Rajah & Tann LCT Lawyers, a member firm of Rajah & Tann Asia, has acted for AURA Group on its Series B follow-on investment into Kim Health Care Group’s Series B financing round. This US$24 million Series B round is led by ABC World Asia, the Singapore-based and Temasek-affiliated private equity fund dedicated to impact investing across Asia. Partner Logan Leung led the firm’s team in the transaction.

Rajah & Tann Singapore, member firm of Rajah & Tann Asia, has acted for Next Gen Foods on its seed financing round, which raised net proceeds of approximately US$10 million. This is the largest seed financing round globally in the plant-based meat sector. Partner Terence Quek, supported by partner Lee Xin Mei, led the firm’s team in the transaction.

Shearman & Sterling has represented the initial purchasers, including The Hongkong and Shanghai Banking Corporation, Morgan Stanley & Co International, China CITIC Bank International, China Securities (International) Corporate Finance Company, Citigroup Global Markets, Credit Suisse (Hong Kong) and Guotai Junan Securities (Hong Kong) on Sunac China Holdings’ dual-tranche tap offering of US$210 million 6.5 percent senior notes due 2025 and US$342 million 5.95 percent senior notes due 2024. Hong Kong capital markets partner Alan Yeung led the firm’s team in the transaction.

WongPartnership acted for Perennial Real Estate Holdings in the financing of its acquisition of a Caldecott site for S$280.9 million.

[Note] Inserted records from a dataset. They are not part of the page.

lemma sum_idx_add:
  fixes f :: "'d vec \<Rightarrow> 'a::comm_monoid_add"
  shows "(\<Sum>y\<in>idx (r + j). f y) = (\<Sum>m\<in>idx r. \<Sum>x\<in>idx j. f (sub_index j m x))"
proof -
  have "(\<Sum>y\<in>idx (r + j). f y) = (\<Sum>(m, x)\<in>idx r \<times> idx j. f (sub_index j m x))"
  proof (rule sum.reindex_bij_witness[where i = "\<lambda>(m, x). sub_index j m x"
        and j = "\<lambda>y. (\<lambda>l. y l div 2 ^ j, \<lambda>l. y l mod 2 ^ j)"])
    fix y :: "'d vec" assume "y \<in> idx (r + j)"
    then show "(\<lambda>l. y l div 2 ^ j, \<lambda>l. y l mod 2 ^ j) \<in> idx r \<times> idx j"
      by (auto simp: idx_def power_add less_mult_imp_div_less)
  next
    fix mx :: "'d vec \<times> 'd vec" assume "mx \<in> idx r \<times> idx j"
    then show "(case mx of (m, x) \<Rightarrow> sub_index j m x) \<in> idx (r + j)"
      by (auto intro: sub_index_in_idx)
  qed (auto simp: idx_def)
  then show ?thesis by (simp add: sum.cartesian_product)
qed

lemma cube_pt_sub_index_low:
  assumes "x \<in> idx j" "t < r"
  shows "cube_pt (r + j) (sub_index j m x) l t = cube_pt r m l t"
proof -
  have "\<not> r + j - 1 - t < j" "r + j - 1 - t - j = r - 1 - t" using assms(2) by auto
  then show ?thesis using assms by (simp add: cube_pt_def bit_mult_exp_add idx_def)
qed

lemma cube_pt_sub_index_shift:
  assumes "x \<in> idx j"
  shows "cube_pt (r + j) (sub_index j m x) l (u + r) = cube_pt j x l u"
  using assms by (auto simp: cube_pt_def bit_mult_exp_add idx_def)

lemma cube_sub_index_subset:
  assumes "x \<in> idx j"
  shows "cube (r + j) (sub_index j m x) \<subseteq> cube r m"
proof
  fix g assume "g \<in> cube (r + j) (sub_index j m x)"
  then show "g \<in> cube r m"
    using cube_pt_sub_index_low[OF assms] by (simp add: mem_cube_iff)
qed

lemma inj_sub_index: "inj (sub_index j m)"
  by (auto simp: inj_def fun_eq_iff)

lemma subcubes_eq_image:
  assumes "m \<in> idx r"
  shows "{y \<in> idx (r + j). cube (r + j) y \<subseteq> cube r m} = sub_index j m ` idx j"
proof (intro subset_antisym subsetI)
  fix y assume y: "y \<in> {y \<in> idx (r + j). cube (r + j) y \<subseteq> cube r m}"
  then obtain m' x where m': "m' \<in> idx r" and x: "x \<in> idx j" and yeq: "y = sub_index j m' x"
    by (blast elim: idx_add_cases)
  have "cube_pt (r + j) y \<in> cube r m'"
    using cube_pt_in_cube cube_sub_index_subset[OF x] yeq by blast
  moreover have "cube_pt (r + j) y \<in> cube r m"
    using cube_pt_in_cube y by blast
  ultimately have "m' = m"
    using cube_index_unique[OF m' assms] by blast
  then show "y \<in> sub_index j m ` idx j"
    using x yeq by blast
next
  fix y assume "y \<in> sub_index j m ` idx j"
  then obtain x where "x \<in> idx j" "y = sub_index j m x" by blast
  then show "y \<in> {y \<in> idx (r + j). cube (r + j) y \<subseteq> cube r m}"
    using assms cube_sub_index_subset sub_index_in_idx by blast
qed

Partners Christy Lim and Serene Soh led the firm’s team in the transaction.

YKVN has represented the shareholders of Duy Tan Plastics Manufacturing on the sale of 70 percent stake in Duy Tan to SCG Packaging, a subsidiary of Siam Cement. The transaction will be carried out through a newly established and wholly-owned subsidiary of SCG, and is expected to be completed in mid-2021. Duy Tan’s existing shareholders will continue to hold 30 percent stake, and to support and manage the company, with management from SCG. The investment in Duy Tan is an expansion of SCG’s rigid plastic packaging business. SCG can now provide its FMCG customers and consumers in Vietnam with a full range of packaging products, both polymer-based and paper-based. SCG is SE Asia’s largest fully integrated packaging solutions provider. Duy Tan is Vietnam’s top producer of rigid plastic packaging products, with its 2020 revenues reaching over US$200 million. It is a leading supplier to multinational companies and local brand owners of consumer and FMCG products. It also manufactures household plastic products, such as food containers, which are sold under the “Duy Tan” brand. Majority of Duy Tan’s products are sold in Vietnam, with 20 percent exported to the US and other markets. Partner Vu Dzung, supported by partner Le Thi Toc, led the firm’s team in the transaction.